Stored items
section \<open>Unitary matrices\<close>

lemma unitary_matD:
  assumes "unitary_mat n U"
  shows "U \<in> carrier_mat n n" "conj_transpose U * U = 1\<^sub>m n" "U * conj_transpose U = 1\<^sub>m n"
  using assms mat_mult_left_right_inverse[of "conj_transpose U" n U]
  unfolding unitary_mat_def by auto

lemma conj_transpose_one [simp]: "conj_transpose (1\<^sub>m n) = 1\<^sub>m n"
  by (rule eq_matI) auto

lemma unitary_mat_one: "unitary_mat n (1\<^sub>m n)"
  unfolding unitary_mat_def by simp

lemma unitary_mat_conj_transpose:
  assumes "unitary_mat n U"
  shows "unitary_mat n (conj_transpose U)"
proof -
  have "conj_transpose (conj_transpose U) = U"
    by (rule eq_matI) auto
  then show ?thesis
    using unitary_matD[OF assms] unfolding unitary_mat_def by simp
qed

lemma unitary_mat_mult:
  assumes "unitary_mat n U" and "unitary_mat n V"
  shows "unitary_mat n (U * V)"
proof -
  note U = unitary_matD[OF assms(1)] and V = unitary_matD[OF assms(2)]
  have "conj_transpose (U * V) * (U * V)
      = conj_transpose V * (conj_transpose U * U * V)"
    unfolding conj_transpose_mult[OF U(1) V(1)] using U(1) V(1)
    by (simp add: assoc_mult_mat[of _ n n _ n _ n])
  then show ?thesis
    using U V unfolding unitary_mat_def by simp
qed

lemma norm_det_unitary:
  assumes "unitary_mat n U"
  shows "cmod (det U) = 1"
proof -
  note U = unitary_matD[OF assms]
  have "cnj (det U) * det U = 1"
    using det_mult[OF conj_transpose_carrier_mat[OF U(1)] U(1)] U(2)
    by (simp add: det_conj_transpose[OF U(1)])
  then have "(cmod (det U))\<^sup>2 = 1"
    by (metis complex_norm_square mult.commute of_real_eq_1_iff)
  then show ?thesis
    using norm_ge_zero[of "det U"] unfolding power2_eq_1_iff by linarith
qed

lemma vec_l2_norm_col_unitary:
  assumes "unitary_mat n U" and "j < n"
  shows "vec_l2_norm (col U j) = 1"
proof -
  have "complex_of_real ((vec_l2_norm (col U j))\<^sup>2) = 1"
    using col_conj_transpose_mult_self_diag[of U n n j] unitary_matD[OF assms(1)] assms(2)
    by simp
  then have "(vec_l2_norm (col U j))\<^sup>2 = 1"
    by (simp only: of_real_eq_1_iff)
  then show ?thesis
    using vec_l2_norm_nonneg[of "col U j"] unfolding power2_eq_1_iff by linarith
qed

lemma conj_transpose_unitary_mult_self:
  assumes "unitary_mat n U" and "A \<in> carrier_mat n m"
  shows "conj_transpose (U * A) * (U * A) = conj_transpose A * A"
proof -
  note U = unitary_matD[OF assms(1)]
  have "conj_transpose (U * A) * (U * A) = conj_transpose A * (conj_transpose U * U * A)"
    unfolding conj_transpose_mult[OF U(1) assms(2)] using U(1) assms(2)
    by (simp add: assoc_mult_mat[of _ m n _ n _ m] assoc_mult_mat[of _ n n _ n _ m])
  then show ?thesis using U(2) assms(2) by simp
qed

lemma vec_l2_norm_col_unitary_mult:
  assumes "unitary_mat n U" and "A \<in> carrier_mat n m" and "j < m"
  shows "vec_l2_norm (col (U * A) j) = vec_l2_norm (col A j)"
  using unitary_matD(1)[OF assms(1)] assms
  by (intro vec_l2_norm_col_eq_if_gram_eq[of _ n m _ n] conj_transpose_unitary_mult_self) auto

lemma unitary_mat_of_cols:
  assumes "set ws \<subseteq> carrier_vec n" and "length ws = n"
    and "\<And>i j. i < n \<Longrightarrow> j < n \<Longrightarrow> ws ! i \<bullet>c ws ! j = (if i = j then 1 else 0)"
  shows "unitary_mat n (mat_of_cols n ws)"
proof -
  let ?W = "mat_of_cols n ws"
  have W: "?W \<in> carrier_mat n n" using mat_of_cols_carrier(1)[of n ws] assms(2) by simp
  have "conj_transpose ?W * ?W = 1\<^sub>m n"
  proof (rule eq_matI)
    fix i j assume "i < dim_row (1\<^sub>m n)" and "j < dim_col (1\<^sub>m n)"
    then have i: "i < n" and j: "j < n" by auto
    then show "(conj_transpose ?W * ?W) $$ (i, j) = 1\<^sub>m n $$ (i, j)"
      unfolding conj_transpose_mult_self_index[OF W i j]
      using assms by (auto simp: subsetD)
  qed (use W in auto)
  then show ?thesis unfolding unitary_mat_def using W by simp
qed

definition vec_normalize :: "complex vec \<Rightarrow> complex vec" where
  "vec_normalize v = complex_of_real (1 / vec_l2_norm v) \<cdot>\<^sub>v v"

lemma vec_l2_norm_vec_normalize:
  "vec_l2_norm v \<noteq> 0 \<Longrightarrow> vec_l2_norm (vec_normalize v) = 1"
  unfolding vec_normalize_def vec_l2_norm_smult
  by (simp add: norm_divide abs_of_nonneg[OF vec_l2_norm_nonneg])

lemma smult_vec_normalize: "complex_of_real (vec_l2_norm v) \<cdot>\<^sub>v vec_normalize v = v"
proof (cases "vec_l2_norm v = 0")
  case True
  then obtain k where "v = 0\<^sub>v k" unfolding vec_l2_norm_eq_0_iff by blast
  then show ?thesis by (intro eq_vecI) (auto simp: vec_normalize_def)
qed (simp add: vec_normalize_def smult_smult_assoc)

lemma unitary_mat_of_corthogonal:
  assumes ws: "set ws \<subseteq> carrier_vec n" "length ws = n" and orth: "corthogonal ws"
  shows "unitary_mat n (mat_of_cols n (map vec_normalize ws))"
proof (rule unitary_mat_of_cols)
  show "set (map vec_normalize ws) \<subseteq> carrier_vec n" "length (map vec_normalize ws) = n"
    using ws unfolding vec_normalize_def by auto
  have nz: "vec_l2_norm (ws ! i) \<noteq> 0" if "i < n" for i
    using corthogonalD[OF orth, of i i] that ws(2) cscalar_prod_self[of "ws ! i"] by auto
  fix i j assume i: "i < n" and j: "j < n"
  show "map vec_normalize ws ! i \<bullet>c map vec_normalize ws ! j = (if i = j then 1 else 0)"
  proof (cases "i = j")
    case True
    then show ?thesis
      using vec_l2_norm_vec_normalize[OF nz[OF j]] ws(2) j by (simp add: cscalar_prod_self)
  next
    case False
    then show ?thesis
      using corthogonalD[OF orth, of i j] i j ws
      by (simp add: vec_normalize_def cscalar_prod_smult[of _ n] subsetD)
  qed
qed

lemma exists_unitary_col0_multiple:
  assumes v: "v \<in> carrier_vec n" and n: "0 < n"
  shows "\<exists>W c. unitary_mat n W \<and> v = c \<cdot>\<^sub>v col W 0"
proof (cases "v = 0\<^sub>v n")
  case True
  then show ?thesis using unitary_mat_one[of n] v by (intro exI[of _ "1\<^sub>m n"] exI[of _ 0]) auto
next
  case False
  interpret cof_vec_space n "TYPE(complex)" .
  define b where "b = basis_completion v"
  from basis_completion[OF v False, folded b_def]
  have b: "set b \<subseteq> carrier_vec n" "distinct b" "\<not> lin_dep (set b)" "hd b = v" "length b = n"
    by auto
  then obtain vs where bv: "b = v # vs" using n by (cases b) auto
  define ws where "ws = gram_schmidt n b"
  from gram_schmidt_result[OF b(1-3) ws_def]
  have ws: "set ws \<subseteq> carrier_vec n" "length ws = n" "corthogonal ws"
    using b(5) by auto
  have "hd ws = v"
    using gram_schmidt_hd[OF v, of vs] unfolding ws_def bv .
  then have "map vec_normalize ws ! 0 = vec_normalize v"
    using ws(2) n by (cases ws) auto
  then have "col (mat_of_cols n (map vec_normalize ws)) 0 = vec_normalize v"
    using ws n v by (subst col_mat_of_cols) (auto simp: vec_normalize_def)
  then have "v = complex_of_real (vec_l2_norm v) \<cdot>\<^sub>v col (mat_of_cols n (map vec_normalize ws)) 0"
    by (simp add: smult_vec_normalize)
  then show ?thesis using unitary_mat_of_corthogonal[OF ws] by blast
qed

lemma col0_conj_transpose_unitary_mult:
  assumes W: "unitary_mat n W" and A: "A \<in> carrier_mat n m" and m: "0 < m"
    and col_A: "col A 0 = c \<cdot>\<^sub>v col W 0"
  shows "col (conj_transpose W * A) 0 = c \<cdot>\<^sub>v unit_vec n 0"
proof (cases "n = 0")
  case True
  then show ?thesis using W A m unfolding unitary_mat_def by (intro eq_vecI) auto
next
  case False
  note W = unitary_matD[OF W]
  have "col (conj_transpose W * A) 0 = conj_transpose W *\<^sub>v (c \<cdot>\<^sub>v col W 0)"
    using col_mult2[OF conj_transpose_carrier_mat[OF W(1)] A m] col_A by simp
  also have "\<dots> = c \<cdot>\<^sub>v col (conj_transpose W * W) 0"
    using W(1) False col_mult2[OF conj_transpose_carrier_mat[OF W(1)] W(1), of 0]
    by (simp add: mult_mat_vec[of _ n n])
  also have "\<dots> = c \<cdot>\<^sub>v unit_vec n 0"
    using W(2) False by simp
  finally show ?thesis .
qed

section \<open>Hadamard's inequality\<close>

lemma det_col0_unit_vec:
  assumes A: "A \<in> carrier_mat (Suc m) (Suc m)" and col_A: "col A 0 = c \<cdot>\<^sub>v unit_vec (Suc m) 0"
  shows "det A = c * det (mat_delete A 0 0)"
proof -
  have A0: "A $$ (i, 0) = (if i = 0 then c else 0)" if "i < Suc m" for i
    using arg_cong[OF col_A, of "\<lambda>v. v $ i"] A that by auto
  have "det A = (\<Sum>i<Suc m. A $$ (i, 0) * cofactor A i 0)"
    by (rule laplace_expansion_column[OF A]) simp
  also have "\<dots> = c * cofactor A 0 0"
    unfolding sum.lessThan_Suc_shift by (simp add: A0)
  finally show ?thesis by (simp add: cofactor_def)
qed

...

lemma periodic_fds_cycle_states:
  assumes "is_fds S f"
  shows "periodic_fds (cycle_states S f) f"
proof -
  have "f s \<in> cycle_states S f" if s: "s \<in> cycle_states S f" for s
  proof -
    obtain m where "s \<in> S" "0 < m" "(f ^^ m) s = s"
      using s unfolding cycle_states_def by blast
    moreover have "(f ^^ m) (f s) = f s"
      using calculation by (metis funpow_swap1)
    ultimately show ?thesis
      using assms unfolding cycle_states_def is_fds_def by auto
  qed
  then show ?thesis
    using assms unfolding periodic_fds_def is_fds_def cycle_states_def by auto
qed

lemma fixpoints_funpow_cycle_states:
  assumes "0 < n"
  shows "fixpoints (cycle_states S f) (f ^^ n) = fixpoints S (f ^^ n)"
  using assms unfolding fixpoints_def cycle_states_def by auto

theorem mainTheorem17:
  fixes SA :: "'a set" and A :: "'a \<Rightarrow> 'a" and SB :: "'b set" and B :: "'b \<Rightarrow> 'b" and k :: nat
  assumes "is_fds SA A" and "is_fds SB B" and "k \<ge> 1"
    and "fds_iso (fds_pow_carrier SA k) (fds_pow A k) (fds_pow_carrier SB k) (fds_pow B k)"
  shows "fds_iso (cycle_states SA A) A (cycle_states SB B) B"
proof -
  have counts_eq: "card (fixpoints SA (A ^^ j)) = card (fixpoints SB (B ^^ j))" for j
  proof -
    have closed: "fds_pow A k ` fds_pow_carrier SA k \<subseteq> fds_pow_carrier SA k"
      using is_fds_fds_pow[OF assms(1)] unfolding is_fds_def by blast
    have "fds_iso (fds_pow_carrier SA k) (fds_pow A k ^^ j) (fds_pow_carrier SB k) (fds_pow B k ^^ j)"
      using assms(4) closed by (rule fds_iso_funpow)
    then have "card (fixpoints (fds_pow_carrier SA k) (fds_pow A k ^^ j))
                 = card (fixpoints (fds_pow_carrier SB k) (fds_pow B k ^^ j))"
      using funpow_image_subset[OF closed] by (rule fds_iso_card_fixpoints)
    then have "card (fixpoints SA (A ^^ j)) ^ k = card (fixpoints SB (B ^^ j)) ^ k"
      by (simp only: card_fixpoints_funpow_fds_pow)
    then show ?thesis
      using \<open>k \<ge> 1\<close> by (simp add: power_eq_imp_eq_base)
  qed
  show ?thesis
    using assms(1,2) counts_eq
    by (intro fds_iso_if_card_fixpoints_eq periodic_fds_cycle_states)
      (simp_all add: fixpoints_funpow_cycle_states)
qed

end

--

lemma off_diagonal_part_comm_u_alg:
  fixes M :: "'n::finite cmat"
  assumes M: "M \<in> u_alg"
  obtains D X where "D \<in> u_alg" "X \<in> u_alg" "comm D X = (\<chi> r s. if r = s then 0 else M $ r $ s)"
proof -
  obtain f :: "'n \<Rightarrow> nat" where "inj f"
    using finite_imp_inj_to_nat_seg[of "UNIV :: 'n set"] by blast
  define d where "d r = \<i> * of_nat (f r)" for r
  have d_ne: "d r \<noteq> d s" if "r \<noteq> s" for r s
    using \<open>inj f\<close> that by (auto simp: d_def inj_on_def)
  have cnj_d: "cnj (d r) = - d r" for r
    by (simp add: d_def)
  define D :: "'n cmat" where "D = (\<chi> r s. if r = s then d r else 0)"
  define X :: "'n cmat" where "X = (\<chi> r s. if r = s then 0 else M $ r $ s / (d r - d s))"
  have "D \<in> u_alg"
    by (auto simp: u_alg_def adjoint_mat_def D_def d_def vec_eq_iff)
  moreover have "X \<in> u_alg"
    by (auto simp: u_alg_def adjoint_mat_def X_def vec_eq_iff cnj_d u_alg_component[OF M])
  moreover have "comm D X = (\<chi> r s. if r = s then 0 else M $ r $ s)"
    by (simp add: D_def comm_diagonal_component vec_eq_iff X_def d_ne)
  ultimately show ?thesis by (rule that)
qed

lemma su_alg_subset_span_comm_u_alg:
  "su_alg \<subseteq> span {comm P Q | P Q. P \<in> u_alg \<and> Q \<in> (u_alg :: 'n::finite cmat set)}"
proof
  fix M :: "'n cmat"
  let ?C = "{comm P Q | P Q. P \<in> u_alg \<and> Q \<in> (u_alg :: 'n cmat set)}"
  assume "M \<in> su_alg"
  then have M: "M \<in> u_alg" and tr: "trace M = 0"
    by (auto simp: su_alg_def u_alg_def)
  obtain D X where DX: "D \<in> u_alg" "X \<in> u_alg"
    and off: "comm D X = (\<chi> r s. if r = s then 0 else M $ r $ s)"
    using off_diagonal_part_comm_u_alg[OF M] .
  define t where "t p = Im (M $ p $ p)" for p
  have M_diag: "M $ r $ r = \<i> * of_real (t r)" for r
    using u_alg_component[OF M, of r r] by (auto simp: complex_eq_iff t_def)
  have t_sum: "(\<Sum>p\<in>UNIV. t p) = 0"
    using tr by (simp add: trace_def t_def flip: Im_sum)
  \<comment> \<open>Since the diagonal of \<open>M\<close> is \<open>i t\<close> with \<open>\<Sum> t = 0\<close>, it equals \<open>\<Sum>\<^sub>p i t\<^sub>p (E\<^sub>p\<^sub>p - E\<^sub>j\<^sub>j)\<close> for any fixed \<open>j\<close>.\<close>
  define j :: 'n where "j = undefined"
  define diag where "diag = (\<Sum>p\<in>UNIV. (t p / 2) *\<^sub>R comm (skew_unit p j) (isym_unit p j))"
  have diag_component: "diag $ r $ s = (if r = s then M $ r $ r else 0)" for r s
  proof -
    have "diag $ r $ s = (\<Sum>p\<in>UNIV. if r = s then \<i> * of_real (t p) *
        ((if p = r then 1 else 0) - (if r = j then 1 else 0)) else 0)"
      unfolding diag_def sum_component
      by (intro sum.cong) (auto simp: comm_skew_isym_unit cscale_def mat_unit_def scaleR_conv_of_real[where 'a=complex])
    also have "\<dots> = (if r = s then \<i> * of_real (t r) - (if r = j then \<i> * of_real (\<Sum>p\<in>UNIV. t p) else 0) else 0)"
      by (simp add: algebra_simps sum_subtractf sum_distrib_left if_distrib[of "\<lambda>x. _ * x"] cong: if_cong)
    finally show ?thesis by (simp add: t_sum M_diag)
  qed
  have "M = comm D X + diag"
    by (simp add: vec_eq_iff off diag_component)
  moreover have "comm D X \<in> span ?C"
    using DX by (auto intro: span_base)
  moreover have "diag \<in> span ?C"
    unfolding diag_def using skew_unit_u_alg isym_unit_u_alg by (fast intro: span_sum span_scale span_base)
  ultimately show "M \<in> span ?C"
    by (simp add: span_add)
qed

What you need to do: Lines with the word "closed": copy each one from the data above.

Exercise output:
    have closed: "fds_pow A k ` fds_pow_carrier SA k \<subseteq> fds_pow_carrier SA k"
      using assms(4) closed by (rule fds_iso_funpow)
      using funpow_image_subset[OF closed] by (rule fds_iso_card_fixpoints)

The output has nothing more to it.